══ Dataset ══
(* Let $n \geq 1$ and $s \geq 1$ be integers, let $\lambda_0 \geq 0 > \lambda_1 \geq \cdots \geq \lambda_n$ be real numbers and let $z_1, \ldots, z_{2s}$ be complex numbers with $z_j = a_j + b_j i$, $a_j \in \mathbb{R}$, $b_j > 0$ for $j = 1, \ldots, 2s$. If $\lambda_0 + \sum_{j=1}^n \lambda_j - 2\sum_{j=1}^{2s} |z_j| \geq 0$, then there is an $(n+4s+1) \times (n+4s+1)$ normal centrosymmetric nonnegative matrix with eigenvalues $\lambda_0, \lambda_1, \ldots, \lambda_n, z_1, \ldots, z_{2s}, \overline{z}_1, \ldots, \overline{z}_{2s}$.
   Context: $J$ denotes the reverse identity matrix of the appropriate size (ones on the anti-diagonal, zeros elsewhere). A square matrix $Q$ is centrosymmetric if $JQJ = Q$, nonnegative if all entries are nonnegative, and normal if $QQ^* = Q^*Q$. *)

theory Defs
  imports "Jordan_Normal_Form.Char_Poly"
begin

definition rev_id_mat :: "nat \<Rightarrow> 'a :: {zero,one} mat" where
  "rev_id_mat N = mat N N (\<lambda>(i,j). if i + j = N - 1 then 1 else 0)"

definition centrosymmetric :: "'a :: comm_ring_1 mat \<Rightarrow> bool" where
  "centrosymmetric Q \<longleftrightarrow> square_mat Q \<and>
     rev_id_mat (dim_row Q) * Q * rev_id_mat (dim_row Q) = Q"

definition nonneg_mat :: "real mat \<Rightarrow> bool" where
  "nonneg_mat Q \<longleftrightarrow> (\<forall>i < dim_row Q. \<forall>j < dim_col Q. Q $$ (i,j) \<ge> 0)"

text \<open>For a real matrix the conjugate transpose is the transpose.\<close>
definition normal_real_mat :: "real mat \<Rightarrow> bool" where
  "normal_real_mat Q \<longleftrightarrow> square_mat Q \<and> Q * transpose_mat Q = transpose_mat Q * Q"

definition has_eigenvalue_list :: "real mat \<Rightarrow> complex list \<Rightarrow> bool" where
  "has_eigenvalue_list Q L \<longleftrightarrow>
     char_poly (map_mat complex_of_real Q) = (\<Prod>a \<leftarrow> L. [:- a, 1:])"

end

(* Put N = n + 4s + 1.  With the orthogonal matrix K = [[I, I], [J, -J]] / sqrt 2 (plus a
   middle row when N is odd), Q = K diag(X, Y) K^T is centrosymmetric whenever X and Y have
   orders N - N div 2 and N div 2; it is normal when X and Y are, its spectrum is the union of
   theirs, and it is nonnegative as soon as |Y| <= X entrywise on the common block, because
   there the entries of Q are (X +- Y) / 2.

   Y is the direct sum of the real circulant matrix with spectrum lambda_1, z_{s+1}, ..., z_{2s}
   and their conjugates, and of the diagonal matrix of the lambda_{2k+2}.  X starts from the
   nonnegative circulant matrix with spectrum beta = lambda_0 + lambda_2 + ... + lambda_n,
   z_1, ..., z_s and their conjugates, and is enlarged by Smigoc's bordering: each step adds a
   diagonal entry -lambda_{2k+2} and an eigenvalue lambda_{2k+3} (for even n finally lambda_n
   with diagonal entry 0) and raises the Perron eigenvalue by the same amount, until it reaches
   lambda_0.  The circulant entries of X are at least (beta - 2 sum |z_k|) / (2s + 1), those of
   Y at most (|lambda_1| + 2 sum |z_{s+k}|) / (2s + 1), and the hypothesis on lambda_0 is
   exactly the inequality between these two bounds. *)

theory Submission
  imports Defs
begin

section \<open>Bordering a matrix along a common eigenvector\<close>

definition col_mat :: "'a::times vec \<Rightarrow> 'a \<Rightarrow> 'a mat" where
  "col_mat u r = mat (dim_vec u) 1 (\<lambda>(i,_). r * u $ i)"

definition border_mat :: "'a::comm_ring_1 mat \<Rightarrow> 'a vec \<Rightarrow> 'a \<Rightarrow> 'a \<Rightarrow> 'a mat" where
  "border_mat A u r d = four_block_mat A (col_mat u r) (transpose_mat (col_mat u r)) (mat 1 1 (\<lambda>_. d))"

lemma col_mat_carrier [simp]:
  "u \<in> carrier_vec m \<Longrightarrow> col_mat u r \<in> carrier_mat m 1"
  "u \<in> carrier_vec m \<Longrightarrow> col_mat u r \<in> carrier_mat m (Suc 0)"
  unfolding col_mat_def by auto

lemma border_mat_carrier [simp]:
  "A \<in> carrier_mat m m \<Longrightarrow> u \<in> carrier_vec m \<Longrightarrow> border_mat A u r d \<in> carrier_mat (Suc m) (Suc m)"
  unfolding border_mat_def by auto

lemma border_mat_index:
  assumes "A \<in> carrier_mat m m" and "u \<in> carrier_vec m" and "i < Suc m" and "j < Suc m"
  shows "border_mat A u r d $$ (i,j) = (if i < m \<and> j < m then A $$ (i,j)
     else if i < m then r * u $ i else if j < m then r * u $ j else d)"
  using assms unfolding border_mat_def col_mat_def by simp

lemma border_mat_transpose:
  assumes "A \<in> carrier_mat m m" and "u \<in> carrier_vec m"
  shows "transpose_mat (border_mat A u r d) = border_mat (transpose_mat A) u r d"
proof -
  have "transpose_mat (mat 1 1 (\<lambda>_. d)) = mat 1 1 (\<lambda>_. d)" by (rule eq_matI) auto
  thus ?thesis
    using assms unfolding border_mat_def by (subst transpose_four_block_mat[of _ m m _ 1 _ 1]) auto
qed

lemma map_border_mat:
  assumes "A \<in> carrier_mat m m" and "u \<in> carrier_vec m"
  shows "map_mat of_real (border_mat A u r d) =
    border_mat (map_mat of_real A) (map_vec of_real u) (of_real r) (of_real d)"
  by (rule eq_matI) (use assms in \<open>auto simp: border_mat_def col_mat_def\<close>)

lemma index_mult_mat_lessThan:
  assumes "A \<in> carrier_mat n m" and "B \<in> carrier_mat m p" and "i < n" and "j < p"
  shows "(A * B) $$ (i,j) = (\<Sum>k<m. A $$ (i,k) * B $$ (k,j))"
  using assms by (simp add: scalar_prod_def lessThan_atLeast0)

lemma index_mult_mat_vec_lessThan:
  assumes "A \<in> carrier_mat n m" and "u \<in> carrier_vec m" and "i < n"
  shows "(A *\<^sub>v u) $ i = (\<Sum>k<m. A $$ (i,k) * u $ k)"
  using assms by (simp add: scalar_prod_def lessThan_atLeast0)

lemma eigenvector_row_sum:
  assumes "A \<in> carrier_mat m m" and "u \<in> carrier_vec m" and "A *\<^sub>v u = \<alpha> \<cdot>\<^sub>v u" and "i < m"
  shows "(\<Sum>k<m. A $$ (i,k) * u $ k) = \<alpha> * u $ i"
  using index_mult_mat_vec_lessThan[OF assms(1,2,4)] assms by simp

lemma mult_col_mat_eigenvector:
  fixes A :: "'a::comm_semiring_0 mat"
  assumes A: "A \<in> carrier_mat m m" and u: "u \<in> carrier_vec m" and ev: "A *\<^sub>v u = \<alpha> \<cdot>\<^sub>v u"
  shows "A * col_mat u c = col_mat u (c * \<alpha>)"
proof (rule eq_matI)
  fix i j assume "i < dim_row (col_mat u (c * \<alpha>))" and "j < dim_col (col_mat u (c * \<alpha>))"
  hence i: "i < m" and j: "j = 0" using u by (auto simp: col_mat_def)
  have "(A * col_mat u c) $$ (i,j) = (\<Sum>k<m. A $$ (i,k) * col_mat u c $$ (k,j))"
    by (rule index_mult_mat_lessThan[of A m m _ 1]) (use A u i j in auto)
  also have "\<dots> = c * (\<Sum>k<m. A $$ (i,k) * u $ k)"
    unfolding sum_distrib_left using u j by (intro sum.cong) (auto simp: col_mat_def ac_simps)
  finally show "(A * col_mat u c) $$ (i,j) = col_mat u (c * \<alpha>) $$ (i,j)"
    using i j u eigenvector_row_sum[OF A u ev i] by (simp add: col_mat_def mult.assoc)
qed (use A u in \<open>auto simp: col_mat_def\<close>)

lemma col_mat_transpose_mult_eigenvector:
  fixes A :: "'a::comm_semiring_0 mat"
  assumes A: "A \<in> carrier_mat m m" and u: "u \<in> carrier_vec m"
    and ev: "transpose_mat A *\<^sub>v u = \<alpha> \<cdot>\<^sub>v u"
  shows "transpose_mat (col_mat u c) * A = transpose_mat (col_mat u (c * \<alpha>))"
proof -
  have "transpose_mat (col_mat u c) * A = transpose_mat (transpose_mat A * col_mat u c)"
    using transpose_mult[of "transpose_mat A" m m "col_mat u c" 1] A u by simp
  also have "transpose_mat A * col_mat u c = col_mat u (c * \<alpha>)"
    using A u ev by (intro mult_col_mat_eigenvector) auto
  finally show ?thesis .
qed

lemma neg_char_matrix_mult_eigenvector:
  fixes A :: "'a::field mat"
  assumes A: "A \<in> carrier_mat m m" and u: "u \<in> carrier_vec m" and ev: "A *\<^sub>v u = \<alpha> \<cdot>\<^sub>v u"
  shows "- char_matrix A x *\<^sub>v u = (x - \<alpha>) \<cdot>\<^sub>v u"
proof -
  have "- char_matrix A x = x \<cdot>\<^sub>m 1\<^sub>m m - A"
    using A by (intro eq_matI) (auto simp: char_matrix_def)
  hence "- char_matrix A x *\<^sub>v u = (x \<cdot>\<^sub>m 1\<^sub>m m) *\<^sub>v u - A *\<^sub>v u"
    using A u by (simp add: minus_mult_distrib_mat_vec[of _ m m])
  also have "(x \<cdot>\<^sub>m 1\<^sub>m m) *\<^sub>v u = x \<cdot>\<^sub>v u" using u by auto
  finally show ?thesis using u by (intro eq_vecI) (auto simp: ev algebra_simps)
qed

lemma neg_char_matrix_border_mat:
  assumes "A \<in> carrier_mat m m" and "u \<in> carrier_vec m"
  shows "- char_matrix (border_mat A u r d) x = four_block_mat (- char_matrix A x)
    (col_mat u (- r)) (transpose_mat (col_mat u (- r))) (mat 1 1 (\<lambda>_. x - d))"
  by (rule eq_matI) (use assms in \<open>auto simp: char_matrix_def border_mat_def col_mat_def\<close>)

text \<open>Schur complement with respect to the eigenvalue \<open>\<alpha>\<close> of \<open>A\<close>: \<open>xI - B\<close> factors as a
  block lower triangular times a block upper triangular matrix.\<close>
lemma det_char_matrix_border_mat:
  fixes A :: "'a::field mat"
  assumes A: "A \<in> carrier_mat m m" and u: "u \<in> carrier_vec m" and ev: "A *\<^sub>v u = \<alpha> \<cdot>\<^sub>v u"
    and x: "x \<noteq> \<alpha>"
  shows "det (- char_matrix (border_mat A u r d) x)
    = det (- char_matrix A x) * ((x - d) - r * r * (u \<bullet> u) / (x - \<alpha>))"
proof -
  let ?C = "- char_matrix A x"
  let ?R = "transpose_mat (col_mat u (- r))"
  let ?L = "four_block_mat ?C (0\<^sub>m m 1) ?R (1\<^sub>m 1)"
  let ?U' = "col_mat u (- r / (x - \<alpha>))"
  let ?D' = "mat 1 1 (\<lambda>_. (x - d) - r * r * (u \<bullet> u) / (x - \<alpha>)) :: 'a mat"
  let ?U = "four_block_mat (1\<^sub>m m) ?U' (0\<^sub>m 1 m) ?D'"
  have C: "?C \<in> carrier_mat m m" using A by simp
  have xa: "x - \<alpha> \<noteq> 0" using x by simp
  have "?C * ?U' = col_mat u (- r)"
    using mult_col_mat_eigenvector[OF C u neg_char_matrix_mult_eigenvector[OF A u ev]] xa by simp
  moreover have "?R * ?U' + 1\<^sub>m 1 * ?D' = mat 1 1 (\<lambda>_. x - d)"
  proof (rule eq_matI)
    fix i j assume "i < dim_row (mat 1 1 (\<lambda>_. x - d))" and "j < dim_col (mat 1 1 (\<lambda>_. x - d))"
    hence ij: "i = 0" "j = 0" by auto
    have "(?R * ?U') $$ (0,0) = (\<Sum>k<m. (- r * u $ k) * (- r / (x - \<alpha>) * u $ k))"
      using u by (simp add: col_mat_def scalar_prod_def lessThan_atLeast0)
    also have "\<dots> = r * r / (x - \<alpha>) * (u \<bullet> u)"
      using u by (simp add: scalar_prod_def lessThan_atLeast0 sum_distrib_left algebra_simps)
    finally show "(?R * ?U' + 1\<^sub>m 1 * ?D') $$ (i,j) = mat 1 1 (\<lambda>_. x - d) $$ (i,j)"
      using ij u by simp
  qed (use u in auto)
  ultimately have LU: "?L * ?U = - char_matrix (border_mat A u r d) x"
  proof -
    have "?R \<in> carrier_mat 1 m" using u by simp
    hence "?R * 1\<^sub>m m + 0\<^sub>m 1 m = ?R" by simp
    thus ?thesis unfolding neg_char_matrix_border_mat[OF A u] using C u \<open>?C * ?U' = col_mat u (- r)\<close>
      \<open>?R * ?U' + 1\<^sub>m 1 * ?D' = mat 1 1 (\<lambda>_. x - d)\<close>
      by (subst mult_four_block_mat[of _ m m _ 1 _ 1 _ _ m _ 1]) auto
  qed
  have "det (?L * ?U) = det ?L * det ?U"
    by (rule det_mult[of _ "m + 1"]) (use C u in auto)
  also have "det ?L = det ?C * det (1\<^sub>m 1 :: 'a mat)"
    by (rule det_four_block_mat_upper_right_zero[OF C refl]) (use u in auto)
  also have "det ?U = det (1\<^sub>m m :: 'a mat) * det ?D'"
    by (rule det_four_block_mat_lower_left_zero[OF _ _ refl]) (use u in auto)
  also have "det ?D' = (x - d) - r * r * (u \<bullet> u) / (x - \<alpha>)"
    by (subst det_single) auto
  finally show ?thesis unfolding LU by simp
qed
═══
*Task item:* Only the number is wanted: how many lines in the data include the string "unfolding"?

*Task solution:* 7